• [Assignment]: For the entries below, how many lines contain the word "moreover"? Reply with the number and nothing else.

Collected data entries
━━━
lemma left_value_le_potential: "U \<subseteq> verts G \<Longrightarrow> core G U = U \<Longrightarrow> left_value G U \<le> potential U"
proof (induction "card U" arbitrary: U rule: less_induct)
  case less
  have fin: "finite U"
    using less.prems(1) finite_verts finite_subset by blast
  show ?case
  proof (cases "\<exists>x\<in>U. blk G x")
    case False
    then show ?thesis
      using fin by (simp add: left_value_no_black potential_def run_bonus_def)
  next
    case True
    obtain x where x: "x \<in> U" "blk G x"
      and val_U: "left_value G U = int (card (removed G U x)) + right_value G (play G U x)"
      by (rule left_value_attained[OF fin True])
    define W where "W = play G U x"
    have W: "W \<subseteq> verts G" "core G W = W" "finite W" "card W < card U"
      using less.prems(1) play_subset[of G U x] core_play finite_play[OF fin] card_play_less[OF fin x(1)]
      unfolding W_def by auto
    have left: "int (card (removed G U x)) + int (odd_runs W) \<le> int (odd_runs U) + run_bonus U"
      using left_move_bound[OF less.prems x(1)] unfolding W_def .
    show ?thesis
    proof (cases "W = {}")
      case True
      then show ?thesis
        using val_U left unfolding W_def potential_def by (simp add: right_value_no_white)
    next
      case False
      obtain y where y: "y \<in> W" "\<not> blk G y"
        and right: "run_bonus W + int (odd_runs (play G W y)) \<le> int (card (removed G W y)) + int (odd_runs W)"
        by (rule right_reply_bound[OF W(1,2) False])
      have "card (play G W y) < card U"
        using card_play_less[OF W(3) y(1), of G] W(4) by simp
      then have "left_value G (play G W y) \<le> potential (play G W y)"
        by (rule less.hyps) (use W(1) play_subset[of G W y] core_play in auto)
      then show ?thesis
        using val_U left right right_value_le[OF W(3) y] run_bonus_play_le[OF W(1,2) y(1)]
        unfolding W_def potential_def by linarith
    qed
  qed
qed

lemma right_value_ge_neg_potential:
  assumes "U \<subseteq> verts G" "core G U = U"
  shows "- potential U \<le> right_value G U"
proof -
  interpret swapped: path_forest "swap_colours G"
    by (rule path_forest_swap_colours)
  have "left_value (swap_colours G) U \<le> potential U"
    using swapped.left_value_le_potential assms by simp
  moreover have "finite U"
    using assms(1) finite_verts finite_subset by blast
  ultimately show ?thesis
    using left_value_swap_colours by fastforce
qed

end

section \<open>Sums of segments\<close>

abbreviation segment_sum :: "int list \<Rightarrow> (nat \<times> nat) bgraph" where
  "segment_sum ns \<equiv> gsum (map segment ns)"

lemma verts_segment_sum:
  "verts (segment_sum ns) = {(i, v). i < length ns \<and> 1 \<le> v \<and> v \<le> nat \<bar>ns ! i\<bar>}"
  unfolding gsum_def segment_def by auto

lemma adj_segment_sum:
  "adj (segment_sum ns) (i, v) (j, w) \<longleftrightarrow> i = j \<and> i < length ns
     \<and> 1 \<le> v \<and> v \<le> nat \<bar>ns ! i\<bar> \<and> 1 \<le> w \<and> w \<le> nat \<bar>ns ! i\<bar> \<and> (w = Suc v \<or> v = Suc w)"
  unfolding gsum_def segment_def by auto

lemma blk_segment_sum:
  "i < length ns \<Longrightarrow> blk (segment_sum ns) (i, v) \<longleftrightarrow> (if ns ! i \<ge> 0 then odd v else even v)"
  unfolding gsum_def segment_def by auto

lemma path_forest_segment_sum: "path_forest (segment_sum ns)"
proof
  have "verts (segment_sum ns) = Sigma {..<length ns} (\<lambda>i. {1..nat \<bar>ns ! i\<bar>})"
    unfolding verts_segment_sum by auto
  then show "finite (verts (segment_sum ns))"
    by simp
  show "adj (segment_sum ns) u v \<longleftrightarrow> u \<in> verts (segment_sum ns) \<and> v \<in> verts (segment_sum ns) \<and> path_adj u v"
    for u v
    by (cases u; cases v) (auto simp: adj_segment_sum verts_segment_sum path_adj_def)
  show "blk (segment_sum ns) u \<noteq> blk (segment_sum ns) v"
    if "u \<in> verts (segment_sum ns)" "v \<in> verts (segment_sum ns)" "path_adj u v" for u v
  proof -
    obtain i x j y where uv: "u = (i, x)" "v = (j, y)"
      by (cases u; cases v)
    have "i = j" "i < length ns" "y = Suc x \<or> x = Suc y"
      using that uv unfolding path_adj_def verts_segment_sum by auto
    then show ?thesis
      using uv blk_segment_sum by auto
  qed
qed

lemma isolated_segment_sum:
  assumes "(i, v) \<in> verts (segment_sum ns)"
    and "isolated (segment_sum ns) (verts (segment_sum ns)) (i, v)"
  shows "nat \<bar>ns ! i\<bar> = 1"
proof (rule ccontr)
  assume "nat \<bar>ns ! i\<bar> \<noteq> 1"
  moreover have "i < length ns" "1 \<le> v" "v \<le> nat \<bar>ns ! i\<bar>"
    using assms(1) unfolding verts_segment_sum by auto
  ultimately have "(i, Suc v) \<in> verts (segment_sum ns) \<and> adj (segment_sum ns) (i, v) (i, Suc v)
      \<or> (i, v - 1) \<in> verts (segment_sum ns) \<and> adj (segment_sum ns) (i, v) (i, v - 1)"
    unfolding verts_segment_sum adj_segment_sum by auto
  with assms(2) show False
    unfolding isolated_def by blast
qed

lemma core_segment_sum:
  "core (segment_sum ns) (verts (segment_sum ns))
     = {(i, v). i < length ns \<and> 1 \<le> v \<and> v \<le> nat \<bar>ns ! i\<bar> \<and> 2 \<le> nat \<bar>ns ! i\<bar>}"
proof -
  have "(i, v) \<in> core (segment_sum ns) (verts (segment_sum ns))
      \<longleftrightarrow> i < length ns \<and> 1 \<le> v \<and> v \<le> nat \<bar>ns ! i\<bar> \<and> 2 \<le> nat \<bar>ns ! i\<bar>" for i v
  proof
    assume "(i, v) \<in> core (segment_sum ns) (verts (segment_sum ns))"
    then obtain j w where "adj (segment_sum ns) (i, v) (j, w)"
      unfolding core_def isolated_def by auto
    then show "i < length ns \<and> 1 \<le> v \<and> v \<le> nat \<bar>ns ! i\<bar> \<and> 2 \<le> nat \<bar>ns ! i\<bar>"
      unfolding adj_segment_sum by auto
  next
    assume "i < length ns \<and> 1 \<le> v \<and> v \<le> nat \<bar>ns ! i\<bar> \<and> 2 \<le> nat \<bar>ns ! i\<bar>"
    then show "(i, v) \<in> core (segment_sum ns) (verts (segment_sum ns))"
      using isolated_segment_sum unfolding core_def verts_segment_sum by fastforce
  qed
  then show ?thesis
    by auto
qed

lemma odd_runs_core_segment_sum:
  "odd_runs (core (segment_sum ns) (verts (segment_sum ns)))
     \<le> card {i. i < length ns \<and> 2 \<le> nat \<bar>ns ! i\<bar> \<and> odd (nat \<bar>ns ! i\<bar>)}"
proof -
  let ?C = "core (segment_sum ns) (verts (segment_sum ns))"
  let ?S = "{i. i < length ns \<and> 2 \<le> nat \<bar>ns ! i\<bar> \<and> odd (nat \<bar>ns ! i\<bar>)}"
  have "runs ?C \<inter> {(i, a, b). even (b - a)} \<subseteq> (\<lambda>i. (i, 1, nat \<bar>ns ! i\<bar>)) ` ?S"
  proof clarify
    fix i a b assume run: "(i, a, b) \<in> runs ?C" and "even (b - a)"
    then have run: "is_run ?C i a b"
      unfolding runs_def by simp
    then have i: "i < length ns" "2 \<le> nat \<bar>ns ! i\<bar>" "1 \<le> a" "b \<le> nat \<bar>ns ! i\<bar>" "a \<le> b"
      using is_run_endpoints[OF run] unfolding core_segment_sum is_run_def by auto
    have "(i, a - 1) \<notin> ?C" "(i, Suc b) \<notin> ?C"
      using run i(3) unfolding is_run_def by auto
    then have "a = 1" "b = nat \<bar>ns ! i\<bar>"
      using i unfolding core_segment_sum by auto
    with \<open>even (b - a)\<close> \<open>i < length ns\<close> \<open>2 \<le> nat \<bar>ns ! i\<bar>\<close>
    show "(i, a, b) \<in> (\<lambda>i. (i, 1, nat \<bar>ns ! i\<bar>)) ` ?S"
      by auto
  qed
  then have "odd_runs ?C \<le> card ((\<lambda>i. (i, 1::nat, nat \<bar>ns ! i\<bar>)) ` ?S)"
    unfolding odd_runs_def by (intro card_mono) auto
  also have "\<dots> \<le> card ?S"
    by (rule card_image_le) simp
  finally show ?thesis .
qed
━━━
• [Your solution]: 2